----- MATERIAL PROVIDED -----

(* Let $n\ge 2$ and fix positive integers $d_1,\dots,d_n$. Consider minimizing $(f_n-f_1)^2$ over real vectors $(f_1,\dots,f_n)$ subject to \[ \sum_{i=1}^n f_i d_i=0,\qquad \sum_{i=1}^n f_i^2 d_i=1, \] and $f_1\le f_k\le f_n$ for all $k$. If $(f_1,\dots,f_n)$ is a minimizer, then for every $k$ one has $f_k=f_1$ or $f_k=f_n$. *)

theory Defs
  imports Complex_Main
begin

text \<open>Vectors (f_1,...,f_n) are represented as functions nat => real, only the
values on {1..n} matter. Weights d_1..d_n are positive integers.\<close>

definition feasible :: "nat \<Rightarrow> (nat \<Rightarrow> nat) \<Rightarrow> (nat \<Rightarrow> real) \<Rightarrow> bool" where
  "feasible n d f \<longleftrightarrow>
     (\<Sum>i=1..n. f i * real (d i)) = 0 \<and>
     (\<Sum>i=1..n. (f i)^2 * real (d i)) = 1 \<and>
     (\<forall>k\<in>{1..n}. f 1 \<le> f k \<and> f k \<le> f n)"

definition is_minimizer :: "nat \<Rightarrow> (nat \<Rightarrow> nat) \<Rightarrow> (nat \<Rightarrow> real) \<Rightarrow> bool" where
  "is_minimizer n d f \<longleftrightarrow>
     feasible n d f \<and>
     (\<forall>g. feasible n d g \<longrightarrow> (f n - f 1)^2 \<le> (g n - g 1)^2)"

end

theory Submission
  imports Defs
begin

text \<open>If some \<open>f k\<close> lay strictly between \<open>f 1\<close> and \<open>f n\<close>, move it a little up or down
  inside that interval. As a function of the new value the weighted variance is a quadratic
  with leading coefficient \<open>d k (1 - d k / \<Sum>d) > 0\<close>, so one of the two moves raises the
  variance above \<open>1\<close>. Centring and rescaling the perturbed vector to variance \<open>1\<close> then gives
  a feasible vector whose range is shrunk by the factor \<open>1 / sqrt variance < 1\<close>,
  contradicting minimality.\<close>

definition wmean :: "'a set \<Rightarrow> ('a \<Rightarrow> real) \<Rightarrow> ('a \<Rightarrow> real) \<Rightarrow> real" where
  "wmean A w h = (\<Sum>i\<in>A. h i * w i) / sum w A"

definition wvar :: "'a set \<Rightarrow> ('a \<Rightarrow> real) \<Rightarrow> ('a \<Rightarrow> real) \<Rightarrow> real" where
  "wvar A w h = (\<Sum>i\<in>A. (h i)^2 * w i) - (\<Sum>i\<in>A. h i * w i)^2 / sum w A"

definition standardize :: "'a set \<Rightarrow> ('a \<Rightarrow> real) \<Rightarrow> ('a \<Rightarrow> real) \<Rightarrow> 'a \<Rightarrow> real" where
  "standardize A w h i = (h i - wmean A w h) / sqrt (wvar A w h)"

lemma sum_fun_upd:
  fixes F :: "'b \<Rightarrow> 'a \<Rightarrow> 'c::ab_group_add"
  assumes "finite A" "k \<in> A"
  shows "(\<Sum>i\<in>A. F ((h(k := t)) i) i) = (\<Sum>i\<in>A. F (h i) i) + (F t k - F (h k) k)"
proof -
  have "(\<Sum>i\<in>A - {k}. F ((h(k := t)) i) i) = (\<Sum>i\<in>A - {k}. F (h i) i)"
    by (rule sum.cong) auto
  then show ?thesis
    using sum.remove[OF assms, of "\<lambda>i. F ((h(k := t)) i) i"]
      sum.remove[OF assms, of "\<lambda>i. F (h i) i"]
    by (simp add: algebra_simps)
qed

lemma sum_standardize:
  assumes "finite A" "sum w A > 0" "wvar A w h > 0"
  shows "(\<Sum>i\<in>A. standardize A w h i * w i) = 0"
proof -
  have "(\<Sum>i\<in>A. standardize A w h i * w i)
      = ((\<Sum>i\<in>A. h i * w i) - wmean A w h * sum w A) / sqrt (wvar A w h)"
    by (simp add: standardize_def sum_subtractf sum_distrib_right algebra_simps
        flip: sum_divide_distrib)
  also have "wmean A w h * sum w A = (\<Sum>i\<in>A. h i * w i)"
    using assms(2) by (simp add: wmean_def)
  finally show ?thesis by simp
qed

lemma sum_square_standardize:
  assumes "finite A" "sum w A > 0" "wvar A w h > 0"
  shows "(\<Sum>i\<in>A. (standardize A w h i)^2 * w i) = 1"
proof -
  define L where "L = (\<Sum>i\<in>A. h i * w i)"
  define m where "m = wmean A w h"
  have "(\<Sum>i\<in>A. (standardize A w h i)^2 * w i)
      = (\<Sum>i\<in>A. (h i)^2 * w i - 2 * m * (h i * w i) + m^2 * w i) / wvar A w h"
    using assms(3)
    by (simp add: standardize_def m_def sum_divide_distrib power_divide power2_diff
        algebra_simps)
  also have "\<dots> = ((\<Sum>i\<in>A. (h i)^2 * w i) - 2 * m * L + m^2 * sum w A) / wvar A w h"
    by (simp add: sum_subtractf sum.distrib sum_distrib_left L_def)
  also have "(\<Sum>i\<in>A. (h i)^2 * w i) - 2 * m * L + m^2 * sum w A = wvar A w h"
    using assms(2) by (simp add: wvar_def m_def wmean_def L_def field_simps power2_eq_square)
  finally show ?thesis using assms(3) by simp
qed

lemma standardize_mono:
  assumes "wvar A w h > 0" "h x \<le> h y"
  shows "standardize A w h x \<le> standardize A w h y"
  using assms by (simp add: standardize_def divide_right_mono)

lemma standardize_diff:
  "standardize A w h y - standardize A w h x = (h y - h x) / sqrt (wvar A w h)"
  by (simp add: standardize_def diff_divide_distrib)

lemma wvar_fun_upd_plus_minus:
  assumes "finite A" "k \<in> A" "sum w A \<noteq> 0"
  shows "wvar A w (h(k := h k + e)) + wvar A w (h(k := h k - e))
       = 2 * wvar A w h + 2 * e^2 * w k * (1 - w k / sum w A)"
proof -
  have upd: "wvar A w (h(k := t)) = (\<Sum>i\<in>A. (h i)^2 * w i) + (t^2 - (h k)^2) * w k
      - ((\<Sum>i\<in>A. h i * w i) + (t - h k) * w k)^2 / sum w A" for t
    unfolding wvar_def
      sum_fun_upd[OF assms(1,2), of "\<lambda>x i. x^2 * w i" h t]
      sum_fun_upd[OF assms(1,2), of "\<lambda>x i. x * w i" h t]
    by (simp add: algebra_simps)
  show ?thesis
    unfolding upd using assms(3)
    by (simp add: wvar_def field_simps power2_eq_square)
qed

lemma wvar_fun_upd_increase:
  assumes "finite A" "k \<in> A" "0 < w k" "w k < sum w A" "e \<noteq> 0"
  obtains t where "t = h k + e \<or> t = h k - e" "wvar A w (h(k := t)) > wvar A w h"
proof -
  have "2 * e^2 * w k * (1 - w k / sum w A) > 0"
    using assms(3-5) by (simp add: field_simps)
  moreover have "sum w A \<noteq> 0" using assms(3,4) by simp
  ultimately have "wvar A w (h(k := h k + e)) > wvar A w h
      \<or> wvar A w (h(k := h k - e)) > wvar A w h"
    using wvar_fun_upd_plus_minus[OF assms(1,2), of w h e] by linarith
  then show ?thesis using that by blast
qed

lemma feasible_wvar:
  assumes "feasible n d f"
  shows "wvar {1..n} (\<lambda>i. real (d i)) f = 1"
  using assms by (simp add: feasible_def wvar_def)

lemma feasible_standardize:
  fixes h :: "nat \<Rightarrow> real" and d :: "nat \<Rightarrow> nat"
  defines "w \<equiv> \<lambda>i. real (d i)"
  assumes "sum w {1..n} > 0" "wvar {1..n} w h > 0"
    and "\<And>k. k \<in> {1..n} \<Longrightarrow> h 1 \<le> h k \<and> h k \<le> h n"
  shows "feasible n d (standardize {1..n} w h)"
  using assms sum_standardize[of "{1..n}" w h] sum_square_standardize[of "{1..n}" w h]
    standardize_mono[of "{1..n}" w h]
  unfolding feasible_def by simp

lemma member_less_sum:
  fixes w :: "'a \<Rightarrow> real"
  assumes "finite A" "k \<in> A" "j \<in> A" "j \<noteq> k" "\<And>i. i \<in> A \<Longrightarrow> w i \<ge> 0" "w j > 0"
  shows "w k < sum w A"
proof -
  have "w j \<le> sum w (A - {k})"
    using assms by (intro member_le_sum) auto
  then show ?thesis
    using sum.remove[OF assms(1,2), of w] assms(6) by linarith
qed

lemma feasible_narrower:
  fixes f :: "nat \<Rightarrow> real"
  assumes "n \<ge> 2" "\<And>i. i \<in> {1..n} \<Longrightarrow> d i > 0" "feasible n d f"
    and "k \<in> {1..n}" "f 1 < f k" "f k < f n"
  obtains g where "feasible n d g" "(g n - g 1)^2 < (f n - f 1)^2"
proof -
  define w where "w i = real (d i)" for i
  have k1: "k \<noteq> 1" and kn: "k \<noteq> n" using assms(5,6) by auto
  have wk: "w k > 0" "w k < sum w {1..n}"
    using assms(1,2,4) k1 member_less_sum[of "{1..n}" k 1 w]
    by (auto simp: w_def less_imp_le)
  define e where "e = min (f k - f 1) (f n - f k)"
  have "e \<noteq> 0" using assms(5,6) by (simp add: e_def)
  moreover have "wvar {1..n} w f = 1"
    using feasible_wvar[OF assms(3)] by (simp add: w_def[abs_def])
  ultimately obtain t where t: "t = f k + e \<or> t = f k - e"
    and var: "wvar {1..n} w (f(k := t)) > 1"
    using wvar_fun_upd_increase[of "{1..n}" k w e f] assms(4) wk by auto
  have "f 1 \<le> t" "t \<le> f n" using t assms(5,6) by (auto simp: e_def)
  define h where "h = f(k := t)"
  have ends: "h 1 = f 1" "h n = f n" using k1 kn unfolding h_def by auto
  have "feasible n d (standardize {1..n} w h)"
    unfolding w_def
  proof (rule feasible_standardize)
    show "sum (\<lambda>i. real (d i)) {1..n} > 0" using wk by (simp add: w_def)
    show "wvar {1..n} (\<lambda>i. real (d i)) h > 0" using var by (simp add: h_def w_def[abs_def])
    show "h 1 \<le> h j \<and> h j \<le> h n" if "j \<in> {1..n}" for j
      using assms(3) that \<open>f 1 \<le> t\<close> \<open>t \<le> f n\<close> ends
      unfolding h_def feasible_def by auto
  qed
  moreover have "((f n - f 1) / sqrt (wvar {1..n} w h))^2 < (f n - f 1)^2"
  proof -
    have "(f n - f 1)^2 > 0" using assms(5,6) by simp
    then show ?thesis
      using var by (simp add: h_def power_divide divide_less_eq)
  qed
  ultimately show ?thesis
    using that standardize_diff[of "{1..n}" w h n 1] ends by simp
qed

theorem proposition2p1:
  fixes n :: nat and d :: "nat \<Rightarrow> nat" and f :: "nat \<Rightarrow> real"
  assumes "n \<ge> 2"
    and "\<And>i. i \<in> {1..n} \<Longrightarrow> d i > 0"
    and "is_minimizer n d f"
  shows "\<forall>k\<in>{1..n}. f k = f 1 \<or> f k = f n"
proof (rule ccontr)
  assume "\<not> ?thesis"
  then obtain k where k: "k \<in> {1..n}" "f k \<noteq> f 1" "f k \<noteq> f n" by blast
  have feas: "feasible n d f"
    and min: "\<And>g. feasible n d g \<Longrightarrow> (f n - f 1)^2 \<le> (g n - g 1)^2"
    using assms(3) unfolding is_minimizer_def by auto
  have "f 1 < f k" "f k < f n"
    using feas k unfolding feasible_def by force+
  then obtain g where "feasible n d g" "(g n - g 1)^2 < (f n - f 1)^2"
    using feasible_narrower[OF assms(1,2) feas k(1)] by blast
  with min show False by fastforce
qed

end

-----

Your task is to find each line in the entries that contains the string "sqrt" and copy it.

» **EXERCISE ANSWER**:
  a feasible vector whose range is shrunk by the factor \<open>1 / sqrt variance < 1\<close>,
  "standardize A w h i = (h i - wmean A w h) / sqrt (wvar A w h)"
      = ((\<Sum>i\<in>A. h i * w i) - wmean A w h * sum w A) / sqrt (wvar A w h)"
  "standardize A w h y - standardize A w h x = (h y - h x) / sqrt (wvar A w h)"
  moreover have "((f n - f 1) / sqrt (wvar {1..n} w h))^2 < (f n - f 1)^2"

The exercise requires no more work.